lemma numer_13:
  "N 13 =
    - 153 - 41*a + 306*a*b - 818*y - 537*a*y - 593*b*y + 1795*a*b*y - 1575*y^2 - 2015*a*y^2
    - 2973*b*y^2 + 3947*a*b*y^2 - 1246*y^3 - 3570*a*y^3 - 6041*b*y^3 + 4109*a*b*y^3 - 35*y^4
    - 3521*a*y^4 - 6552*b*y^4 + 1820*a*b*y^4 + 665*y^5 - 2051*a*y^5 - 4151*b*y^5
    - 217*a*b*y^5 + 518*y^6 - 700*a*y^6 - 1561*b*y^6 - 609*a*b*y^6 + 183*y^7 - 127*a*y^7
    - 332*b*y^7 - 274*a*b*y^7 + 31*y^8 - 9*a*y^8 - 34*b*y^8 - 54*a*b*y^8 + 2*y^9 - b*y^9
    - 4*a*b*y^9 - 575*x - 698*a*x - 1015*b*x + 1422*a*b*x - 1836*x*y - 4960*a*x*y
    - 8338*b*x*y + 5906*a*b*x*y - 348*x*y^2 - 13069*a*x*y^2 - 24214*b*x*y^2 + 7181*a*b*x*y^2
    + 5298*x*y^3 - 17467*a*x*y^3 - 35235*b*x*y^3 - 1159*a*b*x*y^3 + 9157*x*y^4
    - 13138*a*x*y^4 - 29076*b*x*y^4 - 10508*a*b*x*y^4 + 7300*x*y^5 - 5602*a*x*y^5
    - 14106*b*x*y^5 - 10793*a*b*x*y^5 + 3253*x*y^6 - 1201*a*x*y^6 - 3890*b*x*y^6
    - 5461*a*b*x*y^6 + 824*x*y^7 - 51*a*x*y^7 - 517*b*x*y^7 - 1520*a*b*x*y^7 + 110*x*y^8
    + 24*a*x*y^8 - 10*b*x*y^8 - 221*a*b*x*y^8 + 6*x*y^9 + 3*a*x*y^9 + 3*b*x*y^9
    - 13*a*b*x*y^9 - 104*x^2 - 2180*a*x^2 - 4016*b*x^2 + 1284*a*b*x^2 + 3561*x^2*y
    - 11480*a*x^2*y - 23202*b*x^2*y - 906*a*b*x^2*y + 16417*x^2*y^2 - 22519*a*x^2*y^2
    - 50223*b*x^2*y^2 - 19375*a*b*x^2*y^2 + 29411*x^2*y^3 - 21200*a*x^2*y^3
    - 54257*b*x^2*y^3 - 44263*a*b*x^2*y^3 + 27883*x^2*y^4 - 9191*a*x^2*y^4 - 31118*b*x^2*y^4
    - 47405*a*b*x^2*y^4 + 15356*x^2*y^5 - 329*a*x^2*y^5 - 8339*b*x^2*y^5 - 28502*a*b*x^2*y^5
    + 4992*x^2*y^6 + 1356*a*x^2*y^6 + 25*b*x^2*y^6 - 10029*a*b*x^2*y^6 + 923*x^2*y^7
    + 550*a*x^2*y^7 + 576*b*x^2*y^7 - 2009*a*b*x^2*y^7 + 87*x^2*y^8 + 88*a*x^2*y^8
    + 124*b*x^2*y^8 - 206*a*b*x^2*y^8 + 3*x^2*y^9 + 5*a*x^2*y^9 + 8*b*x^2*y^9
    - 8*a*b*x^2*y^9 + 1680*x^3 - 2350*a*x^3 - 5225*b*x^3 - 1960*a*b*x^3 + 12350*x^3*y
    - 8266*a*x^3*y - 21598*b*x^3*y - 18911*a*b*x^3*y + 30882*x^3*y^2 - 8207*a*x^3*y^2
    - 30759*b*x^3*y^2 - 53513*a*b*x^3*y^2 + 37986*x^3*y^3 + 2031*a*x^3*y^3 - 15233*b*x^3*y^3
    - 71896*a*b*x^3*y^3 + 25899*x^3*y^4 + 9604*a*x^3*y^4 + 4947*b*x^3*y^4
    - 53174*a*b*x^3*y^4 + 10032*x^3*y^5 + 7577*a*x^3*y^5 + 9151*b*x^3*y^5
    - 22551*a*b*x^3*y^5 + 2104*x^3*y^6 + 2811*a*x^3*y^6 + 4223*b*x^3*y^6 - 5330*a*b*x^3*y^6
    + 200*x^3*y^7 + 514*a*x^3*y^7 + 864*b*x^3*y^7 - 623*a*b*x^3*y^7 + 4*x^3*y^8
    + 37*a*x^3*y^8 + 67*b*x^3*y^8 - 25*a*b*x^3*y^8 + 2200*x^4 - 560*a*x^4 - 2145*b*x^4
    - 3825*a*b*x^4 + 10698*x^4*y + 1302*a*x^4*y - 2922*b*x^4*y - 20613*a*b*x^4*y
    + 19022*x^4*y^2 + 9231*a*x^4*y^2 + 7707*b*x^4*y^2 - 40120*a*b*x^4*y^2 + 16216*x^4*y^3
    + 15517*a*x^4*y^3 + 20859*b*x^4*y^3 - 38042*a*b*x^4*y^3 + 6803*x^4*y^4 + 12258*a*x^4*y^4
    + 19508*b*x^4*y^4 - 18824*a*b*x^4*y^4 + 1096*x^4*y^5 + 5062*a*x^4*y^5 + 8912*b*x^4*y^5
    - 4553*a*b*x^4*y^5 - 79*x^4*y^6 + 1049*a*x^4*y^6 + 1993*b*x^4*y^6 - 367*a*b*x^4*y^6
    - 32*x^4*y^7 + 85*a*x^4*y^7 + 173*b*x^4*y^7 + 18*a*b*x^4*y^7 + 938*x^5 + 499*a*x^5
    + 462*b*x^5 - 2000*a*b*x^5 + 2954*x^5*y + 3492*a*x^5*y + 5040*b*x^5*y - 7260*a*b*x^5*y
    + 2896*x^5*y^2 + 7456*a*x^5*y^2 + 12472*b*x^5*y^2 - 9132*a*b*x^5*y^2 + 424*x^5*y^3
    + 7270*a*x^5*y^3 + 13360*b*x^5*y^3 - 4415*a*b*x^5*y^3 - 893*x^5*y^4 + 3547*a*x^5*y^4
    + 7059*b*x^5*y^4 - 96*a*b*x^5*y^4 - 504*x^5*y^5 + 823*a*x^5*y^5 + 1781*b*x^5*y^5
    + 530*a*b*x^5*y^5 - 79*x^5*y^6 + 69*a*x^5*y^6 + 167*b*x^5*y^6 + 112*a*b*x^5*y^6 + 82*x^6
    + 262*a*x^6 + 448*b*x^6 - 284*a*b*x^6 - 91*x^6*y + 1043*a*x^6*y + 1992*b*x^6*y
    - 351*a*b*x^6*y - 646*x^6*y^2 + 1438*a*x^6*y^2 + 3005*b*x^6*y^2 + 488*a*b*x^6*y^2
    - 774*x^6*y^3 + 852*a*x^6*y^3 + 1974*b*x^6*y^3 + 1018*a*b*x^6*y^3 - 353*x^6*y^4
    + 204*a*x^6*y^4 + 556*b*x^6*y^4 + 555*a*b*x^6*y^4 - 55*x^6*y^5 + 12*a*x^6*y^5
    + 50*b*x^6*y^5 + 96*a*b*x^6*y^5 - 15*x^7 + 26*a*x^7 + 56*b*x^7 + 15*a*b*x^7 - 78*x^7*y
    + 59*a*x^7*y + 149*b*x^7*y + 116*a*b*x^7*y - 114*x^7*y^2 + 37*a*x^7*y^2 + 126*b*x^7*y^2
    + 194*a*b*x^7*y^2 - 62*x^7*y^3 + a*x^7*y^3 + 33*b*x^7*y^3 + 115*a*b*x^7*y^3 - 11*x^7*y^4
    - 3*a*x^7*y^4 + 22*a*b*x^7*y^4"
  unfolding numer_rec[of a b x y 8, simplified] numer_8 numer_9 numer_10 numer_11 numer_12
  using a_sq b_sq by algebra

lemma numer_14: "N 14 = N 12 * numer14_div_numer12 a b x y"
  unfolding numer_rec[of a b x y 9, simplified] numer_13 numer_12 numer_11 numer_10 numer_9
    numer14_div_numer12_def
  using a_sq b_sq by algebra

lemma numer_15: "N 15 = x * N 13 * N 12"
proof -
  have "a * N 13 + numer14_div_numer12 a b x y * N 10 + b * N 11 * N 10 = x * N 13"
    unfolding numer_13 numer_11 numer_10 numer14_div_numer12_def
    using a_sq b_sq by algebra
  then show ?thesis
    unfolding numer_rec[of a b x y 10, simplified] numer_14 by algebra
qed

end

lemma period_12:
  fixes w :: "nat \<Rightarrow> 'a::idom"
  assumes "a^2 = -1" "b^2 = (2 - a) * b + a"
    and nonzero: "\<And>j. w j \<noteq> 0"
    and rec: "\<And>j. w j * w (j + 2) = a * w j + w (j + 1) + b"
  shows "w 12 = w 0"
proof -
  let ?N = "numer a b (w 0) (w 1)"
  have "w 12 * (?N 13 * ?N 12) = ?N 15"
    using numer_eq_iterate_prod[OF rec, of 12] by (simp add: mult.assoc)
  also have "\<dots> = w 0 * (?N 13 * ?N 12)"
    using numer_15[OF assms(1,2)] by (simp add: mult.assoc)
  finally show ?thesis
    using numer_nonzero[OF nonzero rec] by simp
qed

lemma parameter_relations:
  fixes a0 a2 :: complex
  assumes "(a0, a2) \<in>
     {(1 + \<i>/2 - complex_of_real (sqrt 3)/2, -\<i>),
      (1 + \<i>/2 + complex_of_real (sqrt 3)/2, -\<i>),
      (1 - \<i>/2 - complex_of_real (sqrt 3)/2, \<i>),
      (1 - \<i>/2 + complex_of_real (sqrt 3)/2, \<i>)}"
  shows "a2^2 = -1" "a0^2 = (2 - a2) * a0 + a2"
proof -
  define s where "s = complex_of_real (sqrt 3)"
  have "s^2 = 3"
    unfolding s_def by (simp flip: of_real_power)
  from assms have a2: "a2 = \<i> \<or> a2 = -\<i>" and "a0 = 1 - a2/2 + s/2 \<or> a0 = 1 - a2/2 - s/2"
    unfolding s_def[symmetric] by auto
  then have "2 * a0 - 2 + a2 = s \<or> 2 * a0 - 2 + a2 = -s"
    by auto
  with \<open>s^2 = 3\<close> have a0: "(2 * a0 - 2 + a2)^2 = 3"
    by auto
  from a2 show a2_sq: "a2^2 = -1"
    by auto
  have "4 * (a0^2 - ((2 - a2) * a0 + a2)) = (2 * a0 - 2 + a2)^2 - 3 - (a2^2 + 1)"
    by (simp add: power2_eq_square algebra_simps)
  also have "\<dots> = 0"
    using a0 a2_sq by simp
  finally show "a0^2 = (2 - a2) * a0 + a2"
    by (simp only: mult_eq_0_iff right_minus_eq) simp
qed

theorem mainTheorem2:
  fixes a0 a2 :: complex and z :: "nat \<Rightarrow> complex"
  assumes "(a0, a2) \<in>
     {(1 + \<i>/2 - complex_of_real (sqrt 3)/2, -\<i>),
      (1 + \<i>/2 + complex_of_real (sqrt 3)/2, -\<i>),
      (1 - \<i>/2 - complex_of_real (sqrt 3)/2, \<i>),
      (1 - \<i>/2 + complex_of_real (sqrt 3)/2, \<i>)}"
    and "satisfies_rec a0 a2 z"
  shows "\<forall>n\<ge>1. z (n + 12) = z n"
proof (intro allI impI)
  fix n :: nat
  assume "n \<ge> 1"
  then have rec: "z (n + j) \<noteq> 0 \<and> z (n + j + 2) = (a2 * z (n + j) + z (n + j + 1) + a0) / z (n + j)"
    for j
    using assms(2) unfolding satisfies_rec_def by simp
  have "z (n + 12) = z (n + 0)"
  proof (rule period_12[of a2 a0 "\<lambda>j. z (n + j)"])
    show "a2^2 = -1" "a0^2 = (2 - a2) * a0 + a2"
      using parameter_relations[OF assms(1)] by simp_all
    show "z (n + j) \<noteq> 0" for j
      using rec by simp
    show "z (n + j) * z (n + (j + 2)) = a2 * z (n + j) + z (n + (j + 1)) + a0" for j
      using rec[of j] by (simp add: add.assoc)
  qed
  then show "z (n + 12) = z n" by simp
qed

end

[Work required] When you reach the line that contains "- 5461*a*b*x*y^6 +", stop; output it and every line before it from the start of the data, exactly as written.

[Worked solution]
lemma numer_13:
  "N 13 =
    - 153 - 41*a + 306*a*b - 818*y - 537*a*y - 593*b*y + 1795*a*b*y - 1575*y^2 - 2015*a*y^2
    - 2973*b*y^2 + 3947*a*b*y^2 - 1246*y^3 - 3570*a*y^3 - 6041*b*y^3 + 4109*a*b*y^3 - 35*y^4
    - 3521*a*y^4 - 6552*b*y^4 + 1820*a*b*y^4 + 665*y^5 - 2051*a*y^5 - 4151*b*y^5
    - 217*a*b*y^5 + 518*y^6 - 700*a*y^6 - 1561*b*y^6 - 609*a*b*y^6 + 183*y^7 - 127*a*y^7
    - 332*b*y^7 - 274*a*b*y^7 + 31*y^8 - 9*a*y^8 - 34*b*y^8 - 54*a*b*y^8 + 2*y^9 - b*y^9
    - 4*a*b*y^9 - 575*x - 698*a*x - 1015*b*x + 1422*a*b*x - 1836*x*y - 4960*a*x*y
    - 8338*b*x*y + 5906*a*b*x*y - 348*x*y^2 - 13069*a*x*y^2 - 24214*b*x*y^2 + 7181*a*b*x*y^2
    + 5298*x*y^3 - 17467*a*x*y^3 - 35235*b*x*y^3 - 1159*a*b*x*y^3 + 9157*x*y^4
    - 13138*a*x*y^4 - 29076*b*x*y^4 - 10508*a*b*x*y^4 + 7300*x*y^5 - 5602*a*x*y^5
    - 14106*b*x*y^5 - 10793*a*b*x*y^5 + 3253*x*y^6 - 1201*a*x*y^6 - 3890*b*x*y^6
    - 5461*a*b*x*y^6 + 824*x*y^7 - 51*a*x*y^7 - 517*b*x*y^7 - 1520*a*b*x*y^7 + 110*x*y^8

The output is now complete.